(* Let $f(z)=z+\sum_{k=2}^{\infty}a_kz^k$ be analytic in $\mathbb{D}=\{z:|z|<1\}$ with $zf'(z)-f(z)=\frac12 z^2\phi(z)$ for all $z\in\mathbb{D}$, where $\phi$ is analytic in $\mathbb{D}$ and $|\phi(z)|\le1$. Let $r_{\mathcal S^*}$ denote the positive root (in $(0,1)$) of \[3(1-r)(2-r)\ln(1-r)+4-4r-3r^2+2r^3=0.\] Then for every $n\ge2$ the partial sum $s_n(z;f)=z+\sum_{k=2}^n a_kz^k$ is starlike in the disk $|z|<r_{\mathcal S^*}$.
   Context: A normalized analytic function $g$ is starlike in a disk $|z|<\rho$ if it maps it conformally onto a domain starlike with respect to $0$; equivalently $\mathrm{Re}(zg'(z)/g(z))>0$ for $0<|z|<\rho$. *)

theory Defs
  imports "HOL-Complex_Analysis.Complex_Analysis"
begin

definition rS_eq :: "real \<Rightarrow> real" where
  "rS_eq r = 3 * (1 - r) * (2 - r) * ln (1 - r) + 4 - 4*r - 3*r^2 + 2*r^3"

text \<open>The root of rS_eq in (0,1) (it is unique).\<close>
definition r_starlike :: real where
  "r_starlike = (THE r. 0 < r \<and> r < 1 \<and> rS_eq r = 0)"

definition starlike_in_disk :: "(complex \<Rightarrow> complex) \<Rightarrow> real \<Rightarrow> bool" where
  "starlike_in_disk g \<rho> \<longleftrightarrow>
     (\<forall>z. 0 < norm z \<and> norm z < \<rho> \<longrightarrow> g z \<noteq> 0 \<and> Re (z * deriv g z / g z) > 0)"

end

theory Submission
  imports Defs "HOL-Analysis.Harmonic_Numbers"
begin

text \<open>
  Comparing Taylor coefficients in \<open>z f' - f = z\<^sup>2 \<phi> / 2\<close> gives \<open>(k - 1) a k = \<phi>\<^sub>k\<^sub>-\<^sub>2 / 2\<close>,
  and Cauchy's estimate \<open>|\<phi>\<^sub>j| \<le> 1\<close> yields \<open>k |a k| \<le> 1\<close> for \<open>k \<ge> 2\<close>. For \<open>|z| = r < 1/2\<close>
  the partial sum \<open>s\<close> then satisfies
  \<open>|z s'(z) - s(z)| \<le> \<Sum> (k - 1) |a k| r^k < r - \<Sum> |a k| r^k \<le> |s(z)|\<close>,
  because \<open>\<Sum> k |a k| r^(k-1) \<le> \<Sum> r^(k-1) < 1\<close>; so \<open>z s'/s\<close> lies in the disc of radius 1
  about 1. Thus \<open>s\<close> is starlike even in \<open>|z| < 1/2\<close>, which contains the disc of the theorem:
  the root equation factors as \<open>(1 - r)(2 - r) u(r)\<close> with \<open>u\<close> decreasing and
  \<open>u(1/2) = 2 - 3 ln 2 \<le> 0\<close>.
\<close>

definition rS_core :: "real \<Rightarrow> real" where
  "rS_core r = 3 * ln (1 - r) + 2 * r + 3 - 1 / (1 - r)"

lemma rS_eq_factor: "r < 1 \<Longrightarrow> rS_eq r = (1 - r) * (2 - r) * rS_core r"
  unfolding rS_eq_def rS_core_def by (simp add: field_simps power2_eq_square power3_eq_cube)

lemma rS_core_strict_antimono:
  assumes "0 \<le> a" "a < b" "b < 1"
  shows "rS_core b < rS_core a"
proof (rule DERIV_neg_imp_decreasing[OF \<open>a < b\<close>])
  fix x assume "a \<le> x" "x \<le> b"
  with assms have x: "0 \<le> x" "x < 1" by auto
  have "(rS_core has_real_derivative (- 3 / (1 - x) + 2 - 1 / (1 - x)^2)) (at x)"
    unfolding rS_core_def using x
    by (auto intro!: derivative_eq_intros simp: field_simps power2_eq_square)
  moreover have "- 3 / (1 - x) + 2 - 1 / (1 - x)^2 < 0"
  proof -
    have "1 \<le> 1 / (1 - x)" "0 < 1 / (1 - x)^2" using x by (auto simp: field_simps)
    then show ?thesis by linarith
  qed
  ultimately show "\<exists>y. (rS_core has_real_derivative y) (at x) \<and> y < 0" by blast
qed

lemma rS_core_half_nonpos: "rS_core (1/2) \<le> 0"
  using ln2_ge_two_thirds by (simp add: rS_core_def ln_div)

lemma rS_eq_root_exists: "\<exists>r. 0 < r \<and> r < 1 \<and> rS_eq r = 0"
proof -
  have "isCont rS_core x" if "x < 1" for x
    unfolding rS_core_def using that by (intro continuous_intros) auto
  moreover have "0 \<le> rS_core 0" by (simp add: rS_core_def)
  ultimately obtain r where r: "0 \<le> r" "r \<le> 1/2" "rS_core r = 0"
    using IVT2[of rS_core "1/2" 0 0] rS_core_half_nonpos by fastforce
  moreover have "r \<noteq> 0" using r by (auto simp: rS_core_def)
  ultimately show ?thesis by (intro exI[of _ r]) (simp add: rS_eq_factor)
qed

lemma rS_eq_root_unique:
  assumes "0 < r" "r < 1" "rS_eq r = 0" "0 < s" "s < 1" "rS_eq s = 0"
  shows "r = s"
proof -
  have "rS_core r = rS_core s" using assms by (simp add: rS_eq_factor)
  then show ?thesis
    using rS_core_strict_antimono[of r s] rS_core_strict_antimono[of s r] assms
    by (cases r s rule: linorder_cases) auto
qed

lemma r_starlike_le_half: "r_starlike \<le> 1/2"
proof -
  have "\<exists>!r. 0 < r \<and> r < 1 \<and> rS_eq r = 0"
    using rS_eq_root_exists rS_eq_root_unique by blast
  then have r: "0 < r_starlike" "r_starlike < 1" "rS_eq r_starlike = 0"
    unfolding r_starlike_def by (metis (mono_tags, lifting) theI')+
  show ?thesis
  proof (rule ccontr)
    assume "\<not> r_starlike \<le> 1/2"
    then have "rS_core r_starlike < rS_core (1/2)"
      using r by (intro rS_core_strict_antimono) auto
    then show False using r rS_core_half_nonpos by (simp add: rS_eq_factor)
  qed
qed

lemma Cauchy_inequality_ball:
  fixes f :: "complex \<Rightarrow> complex"
  assumes holf: "f holomorphic_on ball \<xi> R" and "0 < R"
    and bound: "\<And>w. w \<in> ball \<xi> R \<Longrightarrow> norm (f w) \<le> B"
  shows "norm ((deriv ^^ n) f \<xi>) \<le> fact n * B / R ^ n"
proof (rule tendsto_le[of "at_left R"])
  show "((\<lambda>\<rho>. fact n * B / \<rho> ^ n) \<longlongrightarrow> fact n * B / R ^ n) (at_left R)"
    using \<open>0 < R\<close> by (intro tendsto_intros) auto
  show "\<forall>\<^sub>F \<rho> in at_left R. norm ((deriv ^^ n) f \<xi>) \<le> fact n * B / \<rho> ^ n"
    using eventually_at_left_real[OF \<open>0 < R\<close>]
  proof eventually_elim
    case (elim \<rho>)
    then have "cball \<xi> \<rho> \<subseteq> ball \<xi> R" by auto
    then show ?case using elim
      by (intro Cauchy_inequality holomorphic_on_subset[OF holf]
          holomorphic_on_imp_continuous_on bound) (auto simp: dist_norm)
  qed
qed auto

lemma norm_fps_expansion_nth_le:
  fixes f :: "complex \<Rightarrow> complex"
  assumes "f holomorphic_on ball 0 R" "0 < R" "\<And>w. w \<in> ball 0 R \<Longrightarrow> norm (f w) \<le> B"
  shows "norm (fps_expansion f 0 $ n) \<le> B / R ^ n"
  using Cauchy_inequality_ball[OF assms, of n]
  by (simp add: fps_expansion_def norm_divide field_simps)

lemma coeff_of_z_deriv_minus_self:
  fixes f g :: "complex \<Rightarrow> complex" and a :: "nat \<Rightarrow> complex"
  assumes "0 < R" and f_ser: "\<And>z. z \<in> ball 0 R \<Longrightarrow> (\<lambda>k. a k * z ^ k) sums f z"
    and "g has_fps_expansion G"
    and eq: "\<And>z. z \<in> ball 0 R \<Longrightarrow> z * deriv f z - f z = g z"
  shows "(of_nat k - 1) * a k = G $ k"
proof -
  have near0: "\<forall>\<^sub>F z in nhds 0. z \<in> ball 0 R"
    using \<open>0 < R\<close> by (intro eventually_nhds_in_open) auto
  have "f has_fps_expansion Abs_fps a"
    by (rule has_fps_expansionI) (use near0 f_ser in \<open>auto elim: eventually_mono\<close>)
  then have "(\<lambda>z. z * deriv f z - f z) has_fps_expansion fps_X * fps_deriv (Abs_fps a) - Abs_fps a"
    by (intro fps_expansion_intros)
  moreover have "(\<lambda>z. z * deriv f z - f z) has_fps_expansion G"
    using \<open>g has_fps_expansion G\<close>
    by (subst has_fps_expansion_cong[OF _ refl]) (use near0 eq in \<open>auto elim: eventually_mono\<close>)
  ultimately have "fps_X * fps_deriv (Abs_fps a) - Abs_fps a = G"
    by (rule fps_expansion_unique_complex)
  then have "(fps_X * fps_deriv (Abs_fps a) - Abs_fps a) $ k = G $ k"
    by simp
  then show ?thesis
    by (cases k) (simp_all add: fps_X_mult_nth algebra_simps)
qed

lemma norm_of_nat_minus_one:
  assumes "1 \<le> k"
  shows "norm (of_nat k - 1 :: 'a :: real_normed_algebra_1) = real k - 1"
proof -
  have shift: "(of_nat k - 1 :: 'a) = of_nat (k - 1)"
    using assms by (simp add: of_nat_diff)
  show ?thesis
    unfolding shift norm_of_nat using assms by (simp add: of_nat_diff)
qed

lemma coeff_bound_of_z_deriv_minus_self:
  fixes f \<phi> :: "complex \<Rightarrow> complex" and a :: "nat \<Rightarrow> complex"
  assumes f_ser: "\<And>z. z \<in> ball 0 1 \<Longrightarrow> (\<lambda>k. a k * z ^ k) sums f z"
    and phi_holo: "\<phi> holomorphic_on ball 0 1"
    and phi_bd: "\<And>z. z \<in> ball 0 1 \<Longrightarrow> norm (\<phi> z) \<le> 1"
    and eq: "\<And>z. z \<in> ball 0 1 \<Longrightarrow> z * deriv f z - f z = 1/2 * z^2 * \<phi> z"
    and "k \<ge> 2"
  shows "norm (a k) * (real k - 1) \<le> 1/2"
proof -
  define \<Phi> where "\<Phi> = fps_expansion \<phi> 0"
  have "\<phi> has_fps_expansion \<Phi>"
    unfolding \<Phi>_def by (rule has_fps_expansion_fps_expansion[OF _ _ phi_holo]) auto
  then have "(\<lambda>z. 1/2 * z^2 * \<phi> z) has_fps_expansion fps_const (1/2) * fps_X^2 * \<Phi>"
    by (intro fps_expansion_intros)
  from coeff_of_z_deriv_minus_self[OF zero_less_one f_ser this eq]
  have coeff: "(of_nat k - 1) * a k = 1/2 * \<Phi> $ (k - 2)"
    using \<open>k \<ge> 2\<close> by (simp add: mult.assoc fps_X_power_mult_nth)
  have "norm (a k) * (real k - 1) = norm ((of_nat k - 1) * a k)"
    using \<open>k \<ge> 2\<close> by (simp add: norm_mult norm_of_nat_minus_one)
  also have "\<dots> = norm (\<Phi> $ (k - 2)) / 2"
    unfolding coeff by (simp add: norm_mult)
  also have "\<dots> \<le> 1/2"
    using norm_fps_expansion_nth_le[OF phi_holo _ phi_bd] unfolding \<Phi>_def by simp
  finally show ?thesis .
qed

lemma Re_div_pos_if_norm_diff_less:
  fixes p q :: complex
  assumes "norm (p - q) < norm q"
  shows "0 < Re (p / q)"
proof -
  have "q \<noteq> 0" using assms by auto
  then have "p / q = 1 + (p - q) / q" by (simp add: field_simps)
  moreover have "norm ((p - q) / q) < 1"
    using assms \<open>q \<noteq> 0\<close> by (simp add: norm_divide divide_simps)
  ultimately show ?thesis
    using abs_Re_le_cmod[of "(p - q) / q"] by auto
qed

lemma polynomial_starlike_at:
  fixes a :: "nat \<Rightarrow> complex"
  assumes "z \<noteq> 0" and small: "(\<Sum>k=2..n. real k * norm (a k) * norm z ^ (k - 1)) < 1"
  defines "s \<equiv> \<lambda>w. w + (\<Sum>k=2..n. a k * w ^ k)"
  shows "s z \<noteq> 0 \<and> 0 < Re (z * deriv s z / s z)"
proof -
  define r where "r = norm z"
  have "(s has_field_derivative 1 + (\<Sum>k=2..n. of_nat k * a k * z ^ (k - 1))) (at z)"
    unfolding s_def by (auto intro!: derivative_eq_intros sum.cong simp: mult_ac)
  then have deriv: "deriv s z = 1 + (\<Sum>k=2..n. of_nat k * a k * z ^ (k - 1))"
    by (rule DERIV_imp_deriv)
  have "z * deriv s z - s z = (\<Sum>k=2..n. z * (of_nat k * a k * z ^ (k - 1))) - (\<Sum>k=2..n. a k * z ^ k)"
    unfolding deriv by (simp add: s_def distrib_left sum_distrib_left)
  also have "\<dots> = (\<Sum>k=2..n. of_nat k * a k * (z * z ^ (k - 1)) - a k * z ^ k)"
    by (simp add: sum_subtractf mult_ac)
  also have "\<dots> = (\<Sum>k=2..n. (of_nat k - 1) * a k * z ^ k)"
  proof (rule sum.cong)
    fix k assume "k \<in> {2..n}"
    then have "z * z ^ (k - 1) = z ^ k" by (cases k) auto
    then show "of_nat k * a k * (z * z ^ (k - 1)) - a k * z ^ k = (of_nat k - 1) * a k * z ^ k"
      by (simp add: algebra_simps)
  qed simp
  also have "norm \<dots> \<le> (\<Sum>k=2..n. (real k - 1) * norm (a k) * r ^ k)"
    by (rule order_trans[OF norm_sum])
      (auto intro!: sum_mono simp: norm_mult norm_power r_def norm_of_nat_minus_one)
  finally have diff_le: "norm (z * deriv s z - s z) \<le> (\<Sum>k=2..n. (real k - 1) * norm (a k) * r ^ k)" .
  have "r - (\<Sum>k=2..n. norm (a k) * r ^ k) \<le> norm (s z)"
  proof -
    have "norm (\<Sum>k=2..n. a k * z ^ k) \<le> (\<Sum>k=2..n. norm (a k) * r ^ k)"
      by (rule order_trans[OF norm_sum]) (simp add: norm_mult norm_power r_def)
    then show ?thesis
      using norm_triangle_ineq2[of z "- (\<Sum>k=2..n. a k * z ^ k)"] by (simp add: s_def r_def)
  qed
  moreover have "(\<Sum>k=2..n. (real k - 1) * norm (a k) * r ^ k) + (\<Sum>k=2..n. norm (a k) * r ^ k)
      = r * (\<Sum>k=2..n. real k * norm (a k) * r ^ (k - 1))"
    by (simp add: sum.distrib[symmetric] sum_distrib_left algebra_simps power_eq_if)
  moreover have "r * (\<Sum>k=2..n. real k * norm (a k) * r ^ (k - 1)) < r"
    using small \<open>z \<noteq> 0\<close> by (simp add: r_def)
  ultimately have "norm (z * deriv s z - s z) < norm (s z)"
    using diff_le by linarith
  then show ?thesis
    using Re_div_pos_if_norm_diff_less by fastforce
qed

lemma sum_power_less_one:
  fixes r :: real
  assumes "0 \<le> r" "r < 1/2"
  shows "(\<Sum>k=2..n. r ^ (k - 1)) < 1"
proof (cases "n \<ge> 2")
  case True
  have "(\<Sum>k=2..n. r ^ (k - 1)) = (\<Sum>i=1..n-1. r ^ i)"
    using sum.shift_bounds_cl_nat_ivl[of "\<lambda>k. r ^ (k - 1)" 1 1 "n - 1"] True by (simp add: eval_nat_numeral)
  moreover have "(1 - r) * (\<Sum>i=1..n-1. r ^ i) = r - r ^ n"
    using sum_gp_multiplied[of 1 "n - 1" r] True by simp
  moreover have "r - r ^ n < 1 - r"
    using assms zero_le_power[of r n] by linarith
  ultimately have "(1 - r) * (\<Sum>k=2..n. r ^ (k - 1)) < (1 - r) * 1"
    by simp
  then show ?thesis
    using assms by (simp only: mult_less_cancel_left_pos diff_gt_0_iff_gt)
qed simp

lemma partial_sum_starlike_in_half_disk:
  fixes a :: "nat \<Rightarrow> complex"
  assumes coeff: "\<And>k. k \<ge> 2 \<Longrightarrow> norm (a k) * (real k - 1) \<le> 1/2"
  shows "starlike_in_disk (\<lambda>z. z + (\<Sum>k=2..n. a k * z ^ k)) (1/2)"
  unfolding starlike_in_disk_def
proof (intro allI impI)
  fix z :: complex
  assume z: "0 < norm z \<and> norm z < 1/2"
  have "real k * norm (a k) \<le> 1" if "k \<ge> 2" for k
  proof -
    have "real k * norm (a k) \<le> 2 * (real k - 1) * norm (a k)"
      using that by (intro mult_right_mono) auto
    also have "\<dots> = 2 * (norm (a k) * (real k - 1))" by (simp add: mult_ac)
    also have "\<dots> \<le> 1" using coeff[OF that] by simp
    finally show ?thesis .
  qed
  then have "(\<Sum>k=2..n. real k * norm (a k) * norm z ^ (k - 1)) \<le> (\<Sum>k=2..n. norm z ^ (k - 1))"
    by (intro sum_mono) (simp add: mult_left_le_one_le)
  also have "\<dots> < 1"
    using z by (intro sum_power_less_one) auto
  finally show "z + (\<Sum>k=2..n. a k * z ^ k) \<noteq> 0 \<and>
      0 < Re (z * deriv (\<lambda>z. z + (\<Sum>k=2..n. a k * z ^ k)) z / (z + (\<Sum>k=2..n. a k * z ^ k)))"
    using z by (intro polynomial_starlike_at) auto
qed

lemma starlike_in_disk_mono:
  "starlike_in_disk g \<rho>' \<Longrightarrow> \<rho> \<le> \<rho>' \<Longrightarrow> starlike_in_disk g \<rho>"
  unfolding starlike_in_disk_def by force

theorem theorem2p2:
  fixes f \<phi> :: "complex \<Rightarrow> complex" and a :: "nat \<Rightarrow> complex" and n :: nat
  assumes f_holo: "f holomorphic_on ball 0 1"
    and f_ser: "\<And>z. z \<in> ball 0 1 \<Longrightarrow> (\<lambda>k. a k * z ^ k) sums f z"
    and a0: "a 0 = 0" and a1: "a 1 = 1"
    and phi_holo: "\<phi> holomorphic_on ball 0 1"
    and phi_bd: "\<And>z. z \<in> ball 0 1 \<Longrightarrow> norm (\<phi> z) \<le> 1"
    and eq: "\<And>z. z \<in> ball 0 1 \<Longrightarrow> z * deriv f z - f z = 1/2 * z^2 * \<phi> z"
    and n: "n \<ge> 2"
  shows "starlike_in_disk (\<lambda>z. z + (\<Sum>k=2..n. a k * z ^ k)) r_starlike"
proof -
  have "\<And>k. k \<ge> 2 \<Longrightarrow> norm (a k) * (real k - 1) \<le> 1/2"
    by (rule coeff_bound_of_z_deriv_minus_self[OF f_ser phi_holo phi_bd eq])
  then have "starlike_in_disk (\<lambda>z. z + (\<Sum>k=2..n. a k * z ^ k)) (1/2)"
    by (rule partial_sum_starlike_in_half_disk)
  then show ?thesis
    using r_starlike_le_half by (rule starlike_in_disk_mono)
qed

end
* * *
- Task goal -
Work through the entries, filtering for the string "definition", and copy each line that holds it.

- Task answer -
definition rS_eq :: "real \<Rightarrow> real" where
definition r_starlike :: real where
definition starlike_in_disk :: "(complex \<Rightarrow> complex) \<Rightarrow> real \<Rightarrow> bool" where
definition rS_core :: "real \<Rightarrow> real" where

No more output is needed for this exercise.